Ben diversa era l'atmosfera in cui si svolsero le visite di Pertini e Cossiga. Il primo, pochi giorni dopo l'attentato del 9 ottobre del 1982 per i funerali di Stefano Tachè, il bambino di due anni, ucciso dai terroristi davanti ai cancelli della Sinagoga. Paserman ha ricordato oggi «il gelido silenzio» con cui venne accolto Pertini, «molto più espressivo di qualsiasi protesta» contro la montante protesta antisraeliana che aveva portato all'attentato. Cossiga andò alla Sinagoga il 14 maggio 1990 per esprimere la solidarietà della nazione dopo «l'orrenda profanazione del cimitero ebraico di Carpentras in Francia».

La presenza di Ciampi di oggi al Tempio è diversa, ma non per questo il rabbino capo Di Segni rinuncia ad esprimere l'apprezzamento della Comunità per la visita che - dice - è un tributo alla «nostra storia e al modello esemplare della nostra testimonianza». Al tempo stesso rende omaggio al presidente aggiungendo che «forse in questi giorni proprio ci vuole anche una certa dose di coraggio».
Sia Di Segni, sia Paserman, nei loro discorsi, non dimenticano - nè tacciono - la realtà di questi tempi fatta di antisemitismo di ritorno e di bandiere bruciate. «La cultura del rispetto delle alterità stenta - dice il secondo - nella nostra 'forma mentis'; l'antisemitismo non solo è oggi propagandato e fa parte della politica ufficiale di molti paesi islamici, nella generale indifferenza dell'opinione pubblica occidentale, ma è diffuso anche in ambienti altrimenti insospettabili, magari nascosto con distinzioni subdole e sofisticate, come quella tra antisionismo e antisemitismo». «Oggi viviamo in un mondo in cui le tentazioni di violenza basate, spesso pretestuosamente, sulla religione - spiega Di Segni - diventano sempre più minacciose e rumorose».

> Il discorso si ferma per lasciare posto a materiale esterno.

(* Let $1<p<\infty$. (i) For every $\varphi\in W^{1,p}(X,\nu)\cap L^\infty(X,\nu)$ and $\delta>0$ there is a sequence $(\varphi_n)\subset C^1_b(X)$ with $\|\varphi_n\|_\infty\le(1+\delta)\|\varphi\|_{L^\infty(X,\nu)}$ and $\varphi_n\to\varphi$ in $W^{1,p}(X,\nu)$. (ii) If $\varphi,\psi\in W^{1,p}(X,\nu)\cap L^\infty(X,\nu)$, then $\varphi\psi\in W^{1,p}(X,\nu)$ and $M_p(\varphi\psi)=\varphi M_p\psi+\psi M_p\varphi$.
   Context: $X$ separable real Hilbert space, $\nu$ Borel probability measure on $X$, $R\in\mathcal L(X)$. $C^1_b(X)$: bounded continuously Fréchet differentiable $\varphi:X\to\mathbb R$ with bounded gradient. Standing assumption: for every $z\in X$ there is $v_z\in\bigcap_{r>1}L^r(X,\nu)$ with $\int_X\langle R\nabla\varphi,z\rangle d\nu=\int_Xv_z\varphi\,d\nu$ for $\varphi\in C^1_b(X)$. $M_p$ is the closure in $L^p(X,\nu)$ of $R\nabla:C^1_b(X)\to L^p(X,\nu;X)$ and $W^{1,p}(X,\nu)$ is its domain with the graph norm $\|f\|_{L^p(X,\nu)}+\|M_pf\|_{L^p(X,\nu;X)}$. *)

theory Defs
  imports "HOL-Analysis.Analysis" "HOL-Probability.Probability"
begin

definition grad :: "('a::real_inner \<Rightarrow> real) \<Rightarrow> 'a \<Rightarrow> 'a" where
  "grad f x = (SOME g. (f has_derivative (\<lambda>h. g \<bullet> h)) (at x))"

definition C1b :: "('a::real_inner \<Rightarrow> real) set" where
  "C1b = {f. bounded (range f)
            \<and> (\<forall>x. \<exists>g. (f has_derivative (\<lambda>h. g \<bullet> h)) (at x))
            \<and> continuous_on UNIV (grad f)
            \<and> bounded (range (grad f))}"

definition in_Lp :: "'a measure \<Rightarrow> real \<Rightarrow> ('a \<Rightarrow> 'b::{real_normed_vector,second_countable_topology}) \<Rightarrow> bool" where
  "in_Lp M p f \<longleftrightarrow> f \<in> borel_measurable M \<and> integrable M (\<lambda>x. norm (f x) powr p)"

definition Lp_conv :: "'a measure \<Rightarrow> real \<Rightarrow> (nat \<Rightarrow> 'a \<Rightarrow> 'b::real_normed_vector) \<Rightarrow> ('a \<Rightarrow> 'b) \<Rightarrow> bool" where
  "Lp_conv M p F f \<longleftrightarrow>
     ((\<lambda>n. \<integral>\<^sup>+ x. ennreal (norm (F n x - f x) powr p) \<partial>M) \<longlongrightarrow> 0) sequentially"

text \<open>Graph of the closure M_p of R\<nabla> : C^1_b \<rightarrow> L^p(X;X): (f,g) in the graph iff
  f = L^p-lim \<phi>_n and g = L^p-lim R\<nabla>\<phi>_n for some \<phi>_n in C^1_b.\<close>
definition Mp_graph :: "'a::{real_inner,polish_space} measure \<Rightarrow> ('a \<Rightarrow>\<^sub>L 'a) \<Rightarrow> real
    \<Rightarrow> ('a \<Rightarrow> real) \<Rightarrow> ('a \<Rightarrow> 'a) \<Rightarrow> bool" where
  "Mp_graph M R p f g \<longleftrightarrow> in_Lp M p f \<and> in_Lp M p g \<and>
     (\<exists>F. (\<forall>n. F n \<in> C1b) \<and> Lp_conv M p F f
          \<and> Lp_conv M p (\<lambda>n x. blinfun_apply R (grad (F n) x)) g)"

definition W1p :: "'a::{real_inner,polish_space} measure \<Rightarrow> ('a \<Rightarrow>\<^sub>L 'a) \<Rightarrow> real \<Rightarrow> ('a \<Rightarrow> real) set" where
  "W1p M R p = {f. \<exists>g. Mp_graph M R p f g}"

definition in_Linf :: "'a measure \<Rightarrow> ('a \<Rightarrow> real) \<Rightarrow> bool" where
  "in_Linf M f \<longleftrightarrow> f \<in> borel_measurable M \<and> (\<exists>C. AE x in M. \<bar>f x\<bar> \<le> C)"

definition Linf_norm :: "'a measure \<Rightarrow> ('a \<Rightarrow> real) \<Rightarrow> real" where
  "Linf_norm M f = real_of_ereal (esssup M (\<lambda>x. ereal \<bar>f x\<bar>))"

end

(* The approximants in (i) come from a C^1_b sequence approximating (\<phi>, g), composed with a
   smooth clamp that is the identity on [-a, a] and takes values in [-(a + b), a + b], where
   a = \<parallel>\<phi>\<parallel>_\<infinity> and b = \<delta> a; along an a.e. convergent subsequence, the chain rule and dominated
   convergence show that both limits survive the clamping.  That the gradients then converge to
   every g with (\<phi>, g) in the graph of M_p is the closability of R\<nabla>: if bounded \<Phi>_n \<in> C^1_b tend
   to 0 a.e. and R\<nabla>\<Phi>_n \<rightarrow> g in L^p, integration by parts against the standing assumption gives
   \<integral> \<psi> <g, z> d\<nu> = 0 for all \<psi> \<in> C^1_b and z \<in> X, and smoothed indicators of balls show that
   C^1_b is rich enough to force g = 0.  With uniformly bounded approximants at hand, the product
   rule (ii) passes from C^1_b to the closure. *)

theory Submission
  imports Defs
begin

section \<open>The class C^1_b\<close>

lemma grad_eqI:
  fixes f :: "'a::real_inner \<Rightarrow> real"
  assumes "(f has_derivative (\<lambda>h. g \<bullet> h)) (at x)"
  shows "grad f x = g"
proof -
  have "(f has_derivative (\<lambda>h. grad f x \<bullet> h)) (at x)"
    unfolding grad_def by (rule someI[of _ g]) (rule assms)
  then have "(\<lambda>h. grad f x \<bullet> h) = (\<lambda>h. g \<bullet> h)"
    using assms by (rule has_derivative_unique)
  then have "(grad f x - g) \<bullet> (grad f x - g) = 0"
    by (metis inner_diff_left right_minus_eq)
  then show ?thesis by simp
qed

lemma C1bI:
  fixes f :: "'a::real_inner \<Rightarrow> real"
  assumes d: "\<And>x. (f has_derivative (\<lambda>h. G x \<bullet> h)) (at x)"
    and "continuous_on UNIV G"
    and "\<And>x. \<bar>f x\<bar> \<le> B1" and "\<And>x. norm (G x) \<le> B2"
  shows "f \<in> C1b" "grad f = G"
proof -
  show g: "grad f = G" using grad_eqI[OF d] by auto
  show "f \<in> C1b" unfolding C1b_def
    using assms by (auto simp: g bounded_iff intro!: exI)
qed

lemma C1bD:
  fixes f :: "'a::real_inner \<Rightarrow> real"
  assumes "f \<in> C1b"
  shows "(f has_derivative (\<lambda>h. grad f x \<bullet> h)) (at x)"
    "continuous_on UNIV (grad f)"
    "\<exists>B. \<forall>x. \<bar>f x\<bar> \<le> B" "\<exists>B. \<forall>x. norm (grad f x) \<le> B"
proof -
  from assms obtain g where "(f has_derivative (\<lambda>h. g \<bullet> h)) (at x)"
    unfolding C1b_def by auto
  then show "(f has_derivative (\<lambda>h. grad f x \<bullet> h)) (at x)"
    using grad_eqI by metis
  show "continuous_on UNIV (grad f)" "\<exists>B. \<forall>x. \<bar>f x\<bar> \<le> B" "\<exists>B. \<forall>x. norm (grad f x) \<le> B"
    using assms unfolding C1b_def bounded_iff by auto
qed

lemma C1b_continuous: "f \<in> C1b \<Longrightarrow> continuous_on UNIV f"
  by (meson C1bD(1) continuous_at_imp_continuous_on has_derivative_continuous)

lemma C1b_borel_measurable:
  assumes "sets M = sets borel" "f \<in> C1b"
  shows "f \<in> borel_measurable M"
  by (subst measurable_cong_sets[OF assms(1) refl])
    (rule borel_measurable_continuous_onI[OF C1b_continuous[OF assms(2)]])

lemma C1b_R_grad_borel_measurable:
  fixes M :: "'a::{real_inner, polish_space} measure"
  assumes "sets M = sets borel" "f \<in> C1b"
  shows "(\<lambda>x. blinfun_apply R (grad f x)) \<in> borel_measurable M"
proof -
  have "continuous_on UNIV (\<lambda>x. blinfun_apply R (grad f x))"
    using C1bD(2)[OF assms(2)] by (intro continuous_intros)
  then show ?thesis
    by (subst measurable_cong_sets[OF assms(1) refl]) (rule borel_measurable_continuous_onI)
qed

lemma C1b_R_grad_bounded:
  assumes "f \<in> C1b"
  obtains B where "\<And>x. norm (blinfun_apply R (grad f x)) \<le> B"
proof -
  obtain B where B: "\<And>x. norm (grad f x) \<le> B" using C1bD(4)[OF assms] by metis
  have "norm (blinfun_apply R (grad f x)) \<le> norm R * B" for x
    using norm_blinfun[of R "grad f x"] B[of x] by (meson mult_left_mono norm_ge_zero order_trans)
  then show thesis by (rule that)
qed

lemma C1b_const: "(\<lambda>x. c) \<in> C1b" "grad (\<lambda>x. c) = (\<lambda>x. 0)"
  by (rule C1bI[of _ "\<lambda>x. 0" "\<bar>c\<bar>" 0]; auto intro!: derivative_eq_intros)+

lemma C1b_add:
  assumes "f \<in> C1b" "g \<in> C1b"
  shows "(\<lambda>x. f x + g x) \<in> C1b" "grad (\<lambda>x. f x + g x) = (\<lambda>x. grad f x + grad g x)"
proof -
  obtain B1 B2 C1 C2 where b: "\<And>x. \<bar>f x\<bar> \<le> B1" "\<And>x. \<bar>g x\<bar> \<le> B2"
    "\<And>x. norm (grad f x) \<le> C1" "\<And>x. norm (grad g x) \<le> C2"
    using C1bD(3,4)[OF assms(1)] C1bD(3,4)[OF assms(2)] by metis
  have d: "((\<lambda>x. f x + g x) has_derivative (\<lambda>h. (grad f x + grad g x) \<bullet> h)) (at x)" for x
    by (rule has_derivative_eq_rhs, rule has_derivative_add[OF C1bD(1)[OF assms(1)] C1bD(1)[OF assms(2)]])
      (simp add: inner_add_left)
  have c: "continuous_on UNIV (\<lambda>x. grad f x + grad g x)"
    using C1bD(2)[OF assms(1)] C1bD(2)[OF assms(2)] by (intro continuous_intros)
  have b1: "\<bar>f x + g x\<bar> \<le> B1 + B2" for x using b(1,2)[of x] by linarith
  have b2: "norm (grad f x + grad g x) \<le> C1 + C2" for x
    using b(3,4)[of x] norm_triangle_ineq[of "grad f x" "grad g x"] by linarith
  show "(\<lambda>x. f x + g x) \<in> C1b" "grad (\<lambda>x. f x + g x) = (\<lambda>x. grad f x + grad g x)"
    using C1bI[OF d c b1 b2] by auto
qed

lemma C1b_mult:
  assumes "f \<in> C1b" "g \<in> C1b"
  shows "(\<lambda>x. f x * g x) \<in> C1b"
    "grad (\<lambda>x. f x * g x) = (\<lambda>x. f x *\<^sub>R grad g x + g x *\<^sub>R grad f x)"
proof -
  obtain B1 B2 C1 C2 where b: "\<And>x. \<bar>f x\<bar> \<le> B1" "\<And>x. \<bar>g x\<bar> \<le> B2"
    "\<And>x. norm (grad f x) \<le> C1" "\<And>x. norm (grad g x) \<le> C2"
    using C1bD(3,4)[OF assms(1)] C1bD(3,4)[OF assms(2)] by metis
  have d: "((\<lambda>x. f x * g x) has_derivative (\<lambda>h. (f x *\<^sub>R grad g x + g x *\<^sub>R grad f x) \<bullet> h)) (at x)" for x
    by (rule has_derivative_eq_rhs, rule has_derivative_mult[OF C1bD(1)[OF assms(1)] C1bD(1)[OF assms(2)]])
      (auto simp add: inner_add_left algebra_simps)
  have c: "continuous_on UNIV (\<lambda>x. f x *\<^sub>R grad g x + g x *\<^sub>R grad f x)"
    using C1bD(2)[OF assms(1)] C1bD(2)[OF assms(2)] C1b_continuous[OF assms(1)] C1b_continuous[OF assms(2)]
    by (intro continuous_intros)
  have b1: "\<bar>f x * g x\<bar> \<le> B1 * B2" for x
    using b(1,2)[of x] by (simp add: abs_mult mult_mono')
  have b2: "norm (f x *\<^sub>R grad g x + g x *\<^sub>R grad f x) \<le> B1 * C2 + B2 * C1" for x
  proof -
    have "norm (f x *\<^sub>R grad g x) \<le> B1 * C2" using b(1,4)[of x] by (simp add: mult_mono')
    moreover have "norm (g x *\<^sub>R grad f x) \<le> B2 * C1" using b(2,3)[of x] by (simp add: mult_mono')
    ultimately show ?thesis
      using norm_triangle_ineq[of "f x *\<^sub>R grad g x" "g x *\<^sub>R grad f x"] by linarith
  qed
  show "(\<lambda>x. f x * g x) \<in> C1b"
      "grad (\<lambda>x. f x * g x) = (\<lambda>x. f x *\<^sub>R grad g x + g x *\<^sub>R grad f x)"
    using C1bI[OF d c b1 b2] by auto
qed

lemma C1b_diff:
  assumes "f \<in> C1b" "g \<in> C1b"
  shows "(\<lambda>x. f x - g x) \<in> C1b" "grad (\<lambda>x. f x - g x) = (\<lambda>x. grad f x - grad g x)"
proof -
  have "(\<lambda>x. - g x) \<in> C1b" "grad (\<lambda>x. - g x) = (\<lambda>x. - grad g x)"
    using C1b_mult[OF C1b_const(1) assms(2), of "-1"] by (auto simp: C1b_const(2))
  from C1b_add[OF assms(1) this(1)] this(2) show "(\<lambda>x. f x - g x) \<in> C1b"
      "grad (\<lambda>x. f x - g x) = (\<lambda>x. grad f x - grad g x)"
    by auto
qed

lemma C1b_prod:
  fixes n :: nat
  assumes "\<And>j. j < n \<Longrightarrow> f j \<in> C1b"
  shows "(\<lambda>x. \<Prod>j<n. f j x) \<in> C1b"
  using assms
proof (induction n)
  case 0
  then show ?case using C1b_const(1)[of 1] by simp
next
  case (Suc n)
  then show ?case using C1b_mult(1)[OF Suc.IH Suc.prems[of n]] by (simp add: prod.lessThan_Suc)
qed

lemma C1b_compose:
  fixes \<theta> \<theta>' :: "real \<Rightarrow> real"
  assumes f: "f \<in> C1b"
    and d: "\<And>t. (\<theta> has_real_derivative \<theta>' t) (at t)"
    and c: "continuous_on UNIV \<theta>'"
    and b: "\<And>t. \<bar>\<theta> t\<bar> \<le> B" "\<And>t. \<bar>\<theta>' t\<bar> \<le> L"
  shows "(\<lambda>x. \<theta> (f x)) \<in> C1b" "grad (\<lambda>x. \<theta> (f x)) = (\<lambda>x. \<theta>' (f x) *\<^sub>R grad f x)"
proof -
  obtain C where bc: "\<And>x. norm (grad f x) \<le> C" using C1bD(4)[OF f] by metis
  have dd: "((\<lambda>x. \<theta> (f x)) has_derivative (\<lambda>h. (\<theta>' (f x) *\<^sub>R grad f x) \<bullet> h)) (at x)" for x
    by (rule has_derivative_eq_rhs, rule DERIV_compose_FDERIV[OF d C1bD(1)[OF f]])
      (auto simp: algebra_simps)
  have cc: "continuous_on UNIV (\<lambda>x. \<theta>' (f x) *\<^sub>R grad f x)"
    by (intro continuous_intros C1bD(2)[OF f] continuous_on_compose2[OF c C1b_continuous[OF f]]) auto
  have b2: "norm (\<theta>' (f x) *\<^sub>R grad f x) \<le> L * C" for x
    using b(2)[of "f x"] bc[of x] by (simp add: mult_mono')
  show "(\<lambda>x. \<theta> (f x)) \<in> C1b" "grad (\<lambda>x. \<theta> (f x)) = (\<lambda>x. \<theta>' (f x) *\<^sub>R grad f x)"
    using C1bI[OF dd cc b(1) b2] by auto
qed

Di fronte a tutto questo, Paserman e Di Segni - e con loro il vertice della Comunità romana e quello dell'Ucei, l'Unione delle Comunità, rappresentata dal vicepresidente perchè il presidente Amos Luzzatto è ammalato - hanno riconosciuto l'impegno di Ciampi. «Oggi l'Italia, anche per suo merito, - dice Paserman - è in prima fila nella costruzione del grande progetto di un'Europa unita ed in pace, sempre più allargata e coesa; noi - scandisce il presidente - desideriamo sentire forte quel senso di fratellanza, di responsabilità collettiva, di partecipazione profonda e completa alla vita di questo paese e del continente al quale apparteniamo. Tanto più - continua - che la guerra scatenata dal terrorismo c'impone più che mai uno sforzo comune, una grande solidarietà ed un attaccamento ancora più forte ai valori che ci legano, prima di tutto la cultura della vita e la fede nella democrazia».
Lo stesso omaggio rende a Ciampi Di Segni, quando sottolinea che la figura del presidente «rappresenta l'autorità dello Stato regolata da una costituzione democratica esemplare, promulgata dopo la fine della seconda guerra mondiale e la fine dell'incubo nazifascista».
Già prima, nella visita al rinnovato Museo ebraico, Ciampi aveva testimoniato tutto il suo interesse per il patrimonio storico della Comunità «più antica del mondo occidentale» e aveva definito il Museo «l'ultimo contributo, in ordine di tempo, a un rapporto bimilennario tra la Comunità e la Capitale d'Italia». E non è un caso che quando Ciampi e la moglie escono dalla Sinagoga, dopo aver ascoltato gli «Inni alla gioia» cantati dai bambini delle scuole elementari ebraiche e aver stretto le mani di tutti quelli che gli si sono fatti incontro, dalla gente si levi un applauso poco formale ma di sostanza.